Exercise: Where a line in the listing below contains the word "induction", copy that line.

Source data:
<<<<
definition pseudo_limit :: "'k::field set \<Rightarrow> ('i::wellorder \<Rightarrow> 'k) \<Rightarrow> 'k \<Rightarrow> bool" where
  "pseudo_limit R v w \<longleftrightarrow> (\<forall>i i'. i < i' \<longrightarrow> val_lt R (w - v i) (w - v i'))"

section \<open>Bivariate polynomials as 'k poly poly (inner variable first, outer second)\<close>

definition coeff2 :: "'k::comm_ring_1 poly poly \<Rightarrow> nat \<Rightarrow> nat \<Rightarrow> 'k" where
  "coeff2 p i j = coeff (coeff p j) i"

definition eval2 :: "'k::comm_ring_1 poly poly \<Rightarrow> 'k \<Rightarrow> 'k \<Rightarrow> 'k" where
  "eval2 p x y = poly (poly p [:y:]) x"

end

theory Submission
  imports Defs
begin

text \<open>Write gap_e j = v_{e,j+1} - v_{e,j}. Substituting y_e = v_{e,j_e} + gap_e j_e * y_{e,j_e} into
  g = a + b Y0 + c Y1 + d Y0 Y1 gives a polynomial in y_{0,j0}, y_{1,j1} whose non-constant
  coefficients are (b + d v_{1,j1}) gap_0 j0, (c + d v_{0,j0}) gap_1 j1 and d gap_0 j0 gap_1 j1.
  The values of the gaps strictly increase with the index, while b + d v_{1,j} and c + d v_{0,j}
  eventually have constant value because -b/d and -c/d are no pseudo limits; so suitable late
  indices make the values of these coefficients pairwise different, and dividing by a
  coefficient of minimal value yields g1. For g = 0 the relation y0^2 - y1 = 0 is expanded
  instead.\<close>

locale ambient_valuation_ring =
  fixes R :: "'k::field set"
  assumes valuation_ring: "valuation_ring_in R UNIV"
begin

lemma R_zero: "0 \<in> R" and R_one: "1 \<in> R"
  and R_add: "x \<in> R \<Longrightarrow> y \<in> R \<Longrightarrow> x + y \<in> R"
  and R_diff: "x \<in> R \<Longrightarrow> y \<in> R \<Longrightarrow> x - y \<in> R"
  and R_mult: "x \<in> R \<Longrightarrow> y \<in> R \<Longrightarrow> x * y \<in> R"
  and R_or_inverse: "x \<noteq> 0 \<Longrightarrow> x \<in> R \<or> inverse x \<in> R"
  using valuation_ring unfolding valuation_ring_in_def subring_def by auto

lemma R_uminus_iff [simp]: "- x \<in> R \<longleftrightarrow> x \<in> R"
  using R_diff[OF R_zero, of x] R_diff[OF R_zero, of "- x"] by auto

lemma val_le_total: "val_le R a b \<or> val_le R b a"
  using R_or_inverse[of "b / a"] R_zero by (auto simp: val_le_def inverse_eq_divide)

lemma val_le_refl [simp]: "val_le R a a"
  using R_one by (simp add: val_le_def)

lemma val_le_trans: "val_le R a b \<Longrightarrow> val_le R b c \<Longrightarrow> val_le R a c"
proof (cases "a = 0 \<or> b = 0")
  case False
  then have "c / a = (c / b) * (b / a)" by simp
  then show "val_le R a b \<Longrightarrow> val_le R b c \<Longrightarrow> val_le R a c"
    using False R_mult[of "c / b" "b / a"] by (auto simp: val_le_def)
qed (auto simp: val_le_def R_zero)

lemma val_le_add: "val_le R a b \<Longrightarrow> val_le R a c \<Longrightarrow> val_le R a (b + c)"
  using R_add by (auto simp: val_le_def add_divide_distrib)

lemma val_le_diff: "val_le R a b \<Longrightarrow> val_le R a c \<Longrightarrow> val_le R a (b - c)"
  using R_diff by (auto simp: val_le_def diff_divide_distrib)

lemma val_le_uminus [simp]: "val_le R (- a) b \<longleftrightarrow> val_le R a b" "val_le R a (- b) \<longleftrightarrow> val_le R a b"
  by (auto simp: val_le_def)

lemma val_le_mult_cancel: "z \<noteq> 0 \<Longrightarrow> val_le R (z * a) (z * b) \<longleftrightarrow> val_le R a b"
  by (auto simp: val_le_def)

lemma val_lt_iff_not_le: "val_lt R a b \<longleftrightarrow> \<not> val_le R b a"
  using val_le_total by (auto simp: val_lt_def)

lemma val_eq_refl [simp]: "val_eq R a a"
  by (simp add: val_eq_def)

lemma val_eq_sym: "val_eq R a b \<Longrightarrow> val_eq R b a"
  by (simp add: val_eq_def)

lemma val_eq_trans: "val_eq R a b \<Longrightarrow> val_eq R b c \<Longrightarrow> val_eq R a c"
  using val_le_trans by (auto simp: val_eq_def)

lemma val_lt_trans: "val_lt R a b \<Longrightarrow> val_lt R b c \<Longrightarrow> val_lt R a c"
  and val_lt_le_trans: "val_lt R a b \<Longrightarrow> val_le R b c \<Longrightarrow> val_lt R a c"
  and val_eq_lt_trans: "val_eq R a b \<Longrightarrow> val_lt R b c \<Longrightarrow> val_lt R a c"
  and val_lt_eq_trans: "val_lt R a b \<Longrightarrow> val_eq R b c \<Longrightarrow> val_lt R a c"
  using val_le_trans by (auto simp: val_lt_def val_eq_def)

lemma val_lt_imp_not_eq: "val_lt R a b \<Longrightarrow> \<not> val_eq R a b"
  by (auto simp: val_eq_def val_lt_def)

lemma val_lt_imp_nonzero: "val_lt R a b \<Longrightarrow> a \<noteq> 0"
  by (auto simp: val_lt_def val_le_def R_zero)

lemma val_eq_uminus [simp]: "val_eq R (- a) b \<longleftrightarrow> val_eq R a b" "val_eq R a (- b) \<longleftrightarrow> val_eq R a b"
  by (auto simp: val_eq_def)

lemma val_lt_uminus [simp]: "val_lt R (- a) b \<longleftrightarrow> val_lt R a b" "val_lt R a (- b) \<longleftrightarrow> val_lt R a b"
  by (auto simp: val_lt_def)

lemma val_lt_minus_commute: "val_lt R (a - b) c \<longleftrightarrow> val_lt R (b - a) c"
  and val_lt_minus_commute_right: "val_lt R c (a - b) \<longleftrightarrow> val_lt R c (b - a)"
  using val_lt_uminus(1)[of "b - a"] val_lt_uminus(2)[of c "b - a"]
  by simp_all

lemma val_eq_mult_cancel: "z \<noteq> 0 \<Longrightarrow> val_eq R (z * a) (z * b) \<longleftrightarrow> val_eq R a b"
  and val_lt_mult_cancel: "z \<noteq> 0 \<Longrightarrow> val_lt R (z * a) (z * b) \<longleftrightarrow> val_lt R a b"
  using val_le_mult_cancel by (auto simp: val_eq_def val_lt_def)

lemma val_eq_divide_cancel: "z \<noteq> 0 \<Longrightarrow> val_eq R (a / z) (b / z) \<longleftrightarrow> val_eq R a b"
  by (auto simp: val_eq_def val_le_def)

lemma val_eq_mult_left: "val_eq R a b \<Longrightarrow> val_eq R (z * a) (z * b)"
  using val_eq_mult_cancel[of z a b] by (cases "z = 0") auto

lemma val_eq_add_if_lt: "val_lt R x y \<Longrightarrow> val_eq R (x + y) x"
proof -
  assume "val_lt R x y"
  then have xy: "val_le R x y" and yx: "\<not> val_le R y x" by (auto simp: val_lt_def)
  have "val_le R (x + y) x"
  proof (rule ccontr)
    assume "\<not> val_le R (x + y) x"
    then have "\<not> val_le R (x + y) y"
      using val_le_diff[OF _ val_le_refl, of "x + y" y] by auto
    then have "val_le R y (x + y)"
      using val_le_total by blast
    from val_le_diff[OF this val_le_refl] have "val_le R y x" by simp
    with yx show False ..
  qed
  then show ?thesis using val_le_add[OF val_le_refl xy] by (simp add: val_eq_def)
qed

lemma val_lt_affine:
  assumes "d \<noteq> 0" "val_lt R (- b / d - x) g"
  shows "val_lt R (b + d * x) (d * g)"
proof -
  have "b + d * x = - (d * (- b / d - x))" using assms(1) by (simp add: field_simps)
  then show ?thesis using assms val_lt_mult_cancel[of d] by simp
qed

lemma val_eq_affine:
  assumes "d \<noteq> 0" "val_eq R (- b / d - x) (- b / d - x')"
  shows "val_eq R (b + d * x) (b + d * x')"
proof -
  have "b + d * z = - (d * (- b / d - z))" for z using assms(1) by (simp add: field_simps)
  then show ?thesis using assms val_eq_mult_cancel[of d] by simp
qed

lemma exists_min_val:
  assumes "finite A" "A \<noteq> {}"
  shows "\<exists>m\<in>A. \<forall>x\<in>A. val_le R m x"
  using assms
proof (induction A rule: finite_ne_induct)
  case (insert a A)
  then obtain m where m: "m \<in> A" "\<forall>x\<in>A. val_le R m x" by blast
  show ?case
  proof (cases "val_le R a m")
    case True
    then have "\<forall>x\<in>insert a A. val_le R a x" using m(2) val_le_trans[of a m] by auto
    then show ?thesis by blast
  next
    case False
    then have "\<forall>x\<in>insert a A. val_le R m x" using m(2) val_le_total[of a m] by auto
    then show ?thesis using m(1) by blast
  qed
qed simp


lemma exists_index_avoiding_vals:
  fixes f :: "'i::wellorder \<Rightarrow> 'k"
  assumes "no_max TYPE('i)" and f_strict: "\<And>j k. j < k \<Longrightarrow> val_lt R (f j) (f k)"
  shows "\<exists>j. \<nu> < j \<and> (\<forall>x\<in>set xs. \<not> val_eq R (f j) x)"
proof (induction xs arbitrary: \<nu>)
  case Nil
  show ?case using assms(1) unfolding no_max_def by auto
next
  case (Cons x xs)
  obtain j where j: "\<nu> < j" "\<forall>y\<in>set xs. \<not> val_eq R (f j) y" using Cons by blast
  obtain k where k: "j < k" "\<forall>y\<in>set xs. \<not> val_eq R (f k) y" using Cons by blast
  have "\<not> val_eq R (f j) x \<or> \<not> val_eq R (f k) x"
    using val_lt_imp_not_eq[OF f_strict[OF k(1)]] val_eq_trans val_eq_sym by blast
  then show ?case
    using j k less_trans[OF j(1) k(1)] by auto
qed

end

lemma succ_ord_gt: "no_max TYPE('i::wellorder) \<Longrightarrow> (j::'i) < succ_ord j"
  unfolding no_max_def succ_ord_def by (meson LeastI_ex)

lemma succ_ord_le: "(j::'i::wellorder) < k \<Longrightarrow> succ_ord j \<le> k"
  unfolding succ_ord_def by (rule Least_le)

locale pseudo_convergent_seq = ambient_valuation_ring R
  for R :: "'k::field set" +
  fixes v :: "'i::wellorder \<Rightarrow> 'k"
  assumes no_max: "no_max TYPE('i)"
    and pseudo_convergent: "pseudo_convergent R v"
begin

lemma pseudo_convergentD: "i < i' \<Longrightarrow> i' < i'' \<Longrightarrow> val_lt R (v i - v i'') (v i' - v i'')"
  using pseudo_convergent unfolding pseudo_convergent_def by blast

abbreviation gap :: "'i \<Rightarrow> 'k" where
  "gap j \<equiv> v (succ_ord j) - v j"

lemma val_diff_eq_gap:
  assumes "i < k"
  shows "val_eq R (v k - v i) (gap i)"
proof (cases "k = succ_ord i")
  case False
  with succ_ord_le[OF assms] have "succ_ord i < k" by simp
  with succ_ord_gt[OF no_max] have "val_lt R (v i - v k) (v (succ_ord i) - v k)"
    by (rule pseudo_convergentD)
  then have "val_lt R (v k - v i) (v (succ_ord i) - v k)"
    using val_lt_uminus(1)[of "v k - v i"] by simp
  from val_eq_sym[OF val_eq_add_if_lt[OF this]] show ?thesis
    by simp
qed simp

lemma val_gap_strict_mono:
  assumes "i < k"
  shows "val_lt R (gap i) (gap k)"
proof -
  have k: "k < succ_ord k" by (rule succ_ord_gt[OF no_max])
  have "val_lt R (v i - v (succ_ord k)) (v k - v (succ_ord k))"
    using assms k by (rule pseudo_convergentD)
  then have "val_lt R (v (succ_ord k) - v i) (gap k)"
    by (simp add: val_lt_minus_commute val_lt_minus_commute_right[of _ "v k"])
  moreover have "val_eq R (v (succ_ord k) - v i) (gap i)"
    using assms k by (intro val_diff_eq_gap) simp
  ultimately show ?thesis
    using val_eq_lt_trans val_eq_sym by blast
qed

lemma gap_nonzero: "gap j \<noteq> 0"
  using val_lt_imp_nonzero[OF val_gap_strict_mono[OF succ_ord_gt[OF no_max]]] .

lemma exists_val_below_gap:
  assumes "\<not> pseudo_limit R v w"
  shows "\<exists>m. val_lt R (w - v m) (gap m)"
proof (rule ccontr)
  assume "\<nexists>m. val_lt R (w - v m) (gap m)"
  then have gap_le: "val_le R (gap m) (w - v m)" for m
    by (simp add: val_lt_iff_not_le)
  from assms obtain i k where ik: "i < k" "\<not> val_lt R (w - v i) (w - v k)"
    unfolding pseudo_limit_def by blast
  have below: "val_lt R (gap i) (w - v k)"
    using val_gap_strict_mono[OF ik(1)] gap_le[of k] by (rule val_lt_le_trans)
  have diff: "val_eq R (v k - v i) (gap i)"
    using ik(1) by (rule val_diff_eq_gap)
  have "val_lt R (v k - v i) (w - v k)"
    using diff below by (rule val_eq_lt_trans)
  from val_eq_add_if_lt[OF this] have "val_eq R (w - v i) (v k - v i)"
    by simp
  then have "val_lt R (w - v i) (w - v k)"
    using diff below val_eq_trans val_eq_lt_trans by blast
  with ik(2) show False ..
qed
>>>>
Exercise solution:
proof (induction A rule: finite_ne_induct)
proof (induction xs arbitrary: \<nu>)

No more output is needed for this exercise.